• _DATA FOR ANALYSIS_:
========

lemma irreducible_alpha_mult:
  fixes t :: "'h::ab_group_add \<Rightarrow> 'h"
  assumes lm: "lambda_module t" and coprime: "coprime k1 k2" and "0 < k1" and "0 < k2"
    and "z1 \<noteq> 0" and "z2 \<noteq> 0" and \<chi>1: "char_through t k1 \<chi>1" and \<chi>2: "char_through t k2 \<chi>2"
    and "irreducible_rep k1 (alpha t k1 z1 \<chi>1)" and "irreducible_rep k2 (alpha t k2 z2 \<chi>2)"
  shows "irreducible_rep (k1 * k2) (alpha t (k1 * k2) (z1 * z2) (\<lambda>h. \<chi>1 h * \<chi>2 h))"
proof -
  have "char_through t (k1 * k2) (\<lambda>h. \<chi>1 h * \<chi>2 h)"
    using char_through_mult_period[OF \<chi>1, of k2] char_through_mult_period[OF \<chi>2, of k1]
    by (simp add: char_through_mult mult.commute)
  moreover have "inj_on (\<lambda>i. (\<lambda>h. \<chi>1 h * \<chi>2 h) \<circ> (t ^^ i)) {..<k1 * k2}"
    using inj_shifts_char_product[OF lm coprime \<open>0 < k1\<close> \<open>0 < k2\<close> \<chi>1 \<chi>2] assms(9,10)
      irreducible_alpha_iff_inj_shifts[OF lm \<chi>1 \<open>z1 \<noteq> 0\<close> \<open>0 < k1\<close>]
      irreducible_alpha_iff_inj_shifts[OF lm \<chi>2 \<open>z2 \<noteq> 0\<close> \<open>0 < k2\<close>]
    by blast
  ultimately show ?thesis
    using irreducible_alpha_iff_inj_shifts[OF lm] \<open>0 < k1\<close> \<open>0 < k2\<close> \<open>z1 \<noteq> 0\<close> \<open>z2 \<noteq> 0\<close>
    by simp
qed

section \<open>Unitary equivalence\<close>

lemma unitary_mat_adjoint_mult_vec_cancel:
  assumes "unitary_mat n P" and "v \<in> carrier_vec n"
  shows "mat_adjoint P *\<^sub>v (P *\<^sub>v v) = v"
proof -
  have P_carrier: "P \<in> carrier_mat n n" and isometry: "mat_adjoint P * P = 1\<^sub>m n"
    using assms(1) unfolding unitary_mat_def by blast+
  have "mat_adjoint P *\<^sub>v (P *\<^sub>v v) = (mat_adjoint P * P) *\<^sub>v v"
    using assoc_mult_mat_vec[OF mat_adjoint_carrier[OF P_carrier] P_carrier assms(2)] by simp
  also have "\<dots> = v"
    unfolding isometry using assms(2) by simp
  finally show ?thesis .
qed

lemma unitary_conj_mult_vec:
  assumes P: "unitary_mat n P" and A: "A \<in> carrier_mat n n" and v: "v \<in> carrier_vec n"
  shows "(P * A * mat_adjoint P) *\<^sub>v (P *\<^sub>v v) = P *\<^sub>v (A *\<^sub>v v)"
proof -
  have P_carrier: "P \<in> carrier_mat n n"
    using P unfolding unitary_mat_def by blast
  have "P * A \<in> carrier_mat n n"
    using P_carrier A by (rule mult_carrier_mat)
  then have "(P * A * mat_adjoint P) *\<^sub>v (P *\<^sub>v v) = (P * A) *\<^sub>v (mat_adjoint P *\<^sub>v (P *\<^sub>v v))"
    using mat_adjoint_carrier[OF P_carrier] P_carrier v by (simp add: assoc_mult_mat_vec)
  also have "\<dots> = (P * A) *\<^sub>v v"
    using unitary_mat_adjoint_mult_vec_cancel[OF P v] by simp
  also have "\<dots> = P *\<^sub>v (A *\<^sub>v v)"
    using P_carrier A v by (rule assoc_mult_mat_vec)
  finally show ?thesis .
qed

lemma inj_on_unitary_mult_vec: "unitary_mat n P \<Longrightarrow> inj_on (\<lambda>v. P *\<^sub>v v) (carrier_vec n)"
  by (metis inj_onI unitary_mat_adjoint_mult_vec_cancel)

lemma invariant_subspace_unitary_image:
  fixes \<rho> \<rho>' :: "'g \<Rightarrow> complex mat"
  assumes P: "unitary_mat n P" and \<rho>'_carrier: "\<And>g. \<rho>' g \<in> carrier_mat n n"
    and conj: "\<And>g. P * \<rho>' g * mat_adjoint P = \<rho> g" and W: "invariant_subspace n \<rho>' W"
  shows "invariant_subspace n \<rho> ((\<lambda>v. P *\<^sub>v v) ` W)"
  unfolding invariant_subspace_def
proof (intro conjI ballI allI)
  have P_carrier: "P \<in> carrier_mat n n"
    using P unfolding unitary_mat_def by blast
  have W_carrier: "W \<subseteq> carrier_vec n" and "0\<^sub>v n \<in> W"
    using W unfolding invariant_subspace_def by blast+
  show "(\<lambda>v. P *\<^sub>v v) ` W \<subseteq> carrier_vec n"
    using P_carrier W_carrier by (auto intro: mult_mat_vec_carrier)
  have "0\<^sub>v n = P *\<^sub>v 0\<^sub>v n"
    using P_carrier by auto
  then show "0\<^sub>v n \<in> (\<lambda>v. P *\<^sub>v v) ` W"
    using \<open>0\<^sub>v n \<in> W\<close> by (rule image_eqI)
  fix x y assume "x \<in> (\<lambda>v. P *\<^sub>v v) ` W" and "y \<in> (\<lambda>v. P *\<^sub>v v) ` W"
  then obtain v w where "v \<in> W" "w \<in> W" "x = P *\<^sub>v v" "y = P *\<^sub>v w"
    by blast
  moreover have "P *\<^sub>v v + P *\<^sub>v w = P *\<^sub>v (v + w)" and "c \<cdot>\<^sub>v (P *\<^sub>v v) = P *\<^sub>v (c \<cdot>\<^sub>v v)" for c
    using \<open>v \<in> W\<close> \<open>w \<in> W\<close> W_carrier P_carrier
    by (metis mult_add_distrib_mat_vec subsetD, metis mult_mat_vec subsetD)
  moreover have "\<rho> g *\<^sub>v (P *\<^sub>v v) = P *\<^sub>v (\<rho>' g *\<^sub>v v)" for g
    unfolding conj[symmetric] using unitary_conj_mult_vec[OF P \<rho>'_carrier] \<open>v \<in> W\<close> W_carrier by blast
  ultimately show "x + y \<in> (\<lambda>v. P *\<^sub>v v) ` W" and "c \<cdot>\<^sub>v x \<in> (\<lambda>v. P *\<^sub>v v) ` W"
    and "\<rho> g *\<^sub>v x \<in> (\<lambda>v. P *\<^sub>v v) ` W" for c g
    using W unfolding invariant_subspace_def by auto
qed

lemma irreducible_rep_unitary_conj:
  fixes \<rho> \<rho>' :: "'g \<Rightarrow> complex mat"
  assumes P: "unitary_mat n P" and \<rho>'_carrier: "\<And>g. \<rho>' g \<in> carrier_mat n n"
    and conj: "\<And>g. P * \<rho>' g * mat_adjoint P = \<rho> g" and irreducible: "irreducible_rep n \<rho>"
  shows "irreducible_rep n \<rho>'"
  unfolding irreducible_rep_def
proof (intro conjI allI impI)
  show "0 < n"
    using irreducible unfolding irreducible_rep_def by blast
  fix W assume W: "invariant_subspace n \<rho>' W"
  then have W_carrier: "W \<subseteq> carrier_vec n"
    unfolding invariant_subspace_def by blast
  have P_carrier: "P \<in> carrier_mat n n"
    using P unfolding unitary_mat_def by blast
  have inj: "inj_on (\<lambda>v. P *\<^sub>v v) (carrier_vec n)"
    using P by (rule inj_on_unitary_mult_vec)
  have "(\<lambda>v. P *\<^sub>v v) ` W = {0\<^sub>v n} \<or> (\<lambda>v. P *\<^sub>v v) ` W = carrier_vec n"
    using irreducible invariant_subspace_unitary_image[OF P \<rho>'_carrier conj W]
    unfolding irreducible_rep_def by blast
  then show "W = {0\<^sub>v n} \<or> W = carrier_vec n"
  proof
    assume "(\<lambda>v. P *\<^sub>v v) ` W = {0\<^sub>v n}"
    also have "{0\<^sub>v n} = (\<lambda>v. P *\<^sub>v v) ` {0\<^sub>v n}"
      using P_carrier by auto
    finally show ?thesis
      using inj_on_image_eq_iff[OF inj W_carrier, of "{0\<^sub>v n}"] by simp
  next
    assume image: "(\<lambda>v. P *\<^sub>v v) ` W = carrier_vec n"
    have "u \<in> W" if "u \<in> carrier_vec n" for u
      using inj_on_image_mem_iff[OF inj that W_carrier] mult_mat_vec_carrier[OF P_carrier that]
      unfolding image by simp
    then show ?thesis
      using W_carrier by blast
  qed
qed

definition perm_mat :: "nat \<Rightarrow> (nat \<Rightarrow> nat) \<Rightarrow> complex mat" where
  "perm_mat n \<sigma> = mat n n (\<lambda>(i, j). if j = \<sigma> i then 1 else 0)"

lemma dim_perm_mat [simp]: "dim_row (perm_mat n \<sigma>) = n" "dim_col (perm_mat n \<sigma>) = n"
  unfolding perm_mat_def by simp_all

lemma perm_mat_carrier: "perm_mat n \<sigma> \<in> carrier_mat n n"
  by (simp add: carrier_matI)

lemma index_perm_mat: "i < n \<Longrightarrow> j < n \<Longrightarrow> perm_mat n \<sigma> $$ (i, j) = (if j = \<sigma> i then 1 else 0)"
  unfolding perm_mat_def by simp

lemma index_mat_adjoint_perm_mat:
  "i < n \<Longrightarrow> j < n \<Longrightarrow> mat_adjoint (perm_mat n \<sigma>) $$ (i, j) = (if i = \<sigma> j then 1 else 0)"
  unfolding perm_mat_def by simp

lemma index_perm_mat_mult:
  assumes "X \<in> carrier_mat n m" and "i < n" and "j < m" and "\<sigma> i < n"
  shows "(perm_mat n \<sigma> * X) $$ (i, j) = X $$ (\<sigma> i, j)"
proof -
  have "(perm_mat n \<sigma> * X) $$ (i, j) = (\<Sum>a = 0..<n. perm_mat n \<sigma> $$ (i, a) * X $$ (a, j))"
    using assms by (simp add: scalar_prod_def)
  also have "\<dots> = (\<Sum>a = 0..<n. if a = \<sigma> i then X $$ (a, j) else 0)"
    using \<open>i < n\<close> by (intro sum.cong refl) (simp add: index_perm_mat)
  also have "\<dots> = X $$ (\<sigma> i, j)"
    using \<open>\<sigma> i < n\<close> by simp
  finally show ?thesis .
qed

lemma index_mult_adjoint_perm_mat:
  assumes "Y \<in> carrier_mat m n" and "i < m" and "j < n" and "\<sigma> j < n"
  shows "(Y * mat_adjoint (perm_mat n \<sigma>)) $$ (i, j) = Y $$ (i, \<sigma> j)"
proof -
  have "(Y * mat_adjoint (perm_mat n \<sigma>)) $$ (i, j) =
      (\<Sum>a = 0..<n. Y $$ (i, a) * mat_adjoint (perm_mat n \<sigma>) $$ (a, j))"
    using assms by (simp add: scalar_prod_def)
  also have "\<dots> = (\<Sum>a = 0..<n. if a = \<sigma> j then Y $$ (i, a) else 0)"
    using \<open>j < n\<close> by (intro sum.cong refl) (simp add: index_mat_adjoint_perm_mat del: index_mat_adjoint)
  also have "\<dots> = Y $$ (i, \<sigma> j)"
    using \<open>\<sigma> j < n\<close> by simp
  finally show ?thesis .
qed

lemma unitary_perm_mat:
  assumes \<sigma>: "bij_betw \<sigma> {..<n} {..<n}"
  shows "unitary_mat n (perm_mat n \<sigma>)"
  unfolding unitary_mat_def
proof (intro conjI perm_mat_carrier eq_matI)
  fix a b assume "a < dim_row (1\<^sub>m n :: complex mat)" and "b < dim_col (1\<^sub>m n :: complex mat)"
  then have "a < n" and "b < n"
    by simp_all
  have "(mat_adjoint (perm_mat n \<sigma>) * perm_mat n \<sigma>) $$ (a, b) =
      (\<Sum>m = 0..<n. mat_adjoint (perm_mat n \<sigma>) $$ (a, m) * perm_mat n \<sigma> $$ (m, b))"
    using \<open>a < n\<close> \<open>b < n\<close> by (simp add: scalar_prod_def)
  also have "\<dots> = (\<Sum>m\<in>{..<n}. (\<lambda>c. if a = c \<and> b = c then 1 else 0) (\<sigma> m))"
    using \<open>a < n\<close> \<open>b < n\<close> unfolding atLeast0LessThan
    by (intro sum.cong refl) (auto simp: index_perm_mat index_mat_adjoint_perm_mat simp del: index_mat_adjoint)
  also have "\<dots> = (\<Sum>c\<in>{..<n}. if a = c \<and> b = c then 1 else 0)"
    by (rule sum.reindex_bij_betw[OF \<sigma>])
  also have "\<dots> = (1\<^sub>m n :: complex mat) $$ (a, b)"
    using \<open>a < n\<close> \<open>b < n\<close> by (simp add: sum.delta)
  finally show "(mat_adjoint (perm_mat n \<sigma>) * perm_mat n \<sigma>) $$ (a, b) = (1\<^sub>m n :: complex mat) $$ (a, b)" .
qed simp_all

========

• _WORK TO BE COMPLETED_: Lines that hold the word "where" are the ones to copy from the entries above.

• _WRITTEN ANSWER_:
  then obtain v w where "v \<in> W" "w \<in> W" "x = P *\<^sub>v v" "y = P *\<^sub>v w"
definition perm_mat :: "nat \<Rightarrow> (nat \<Rightarrow> nat) \<Rightarrow> complex mat" where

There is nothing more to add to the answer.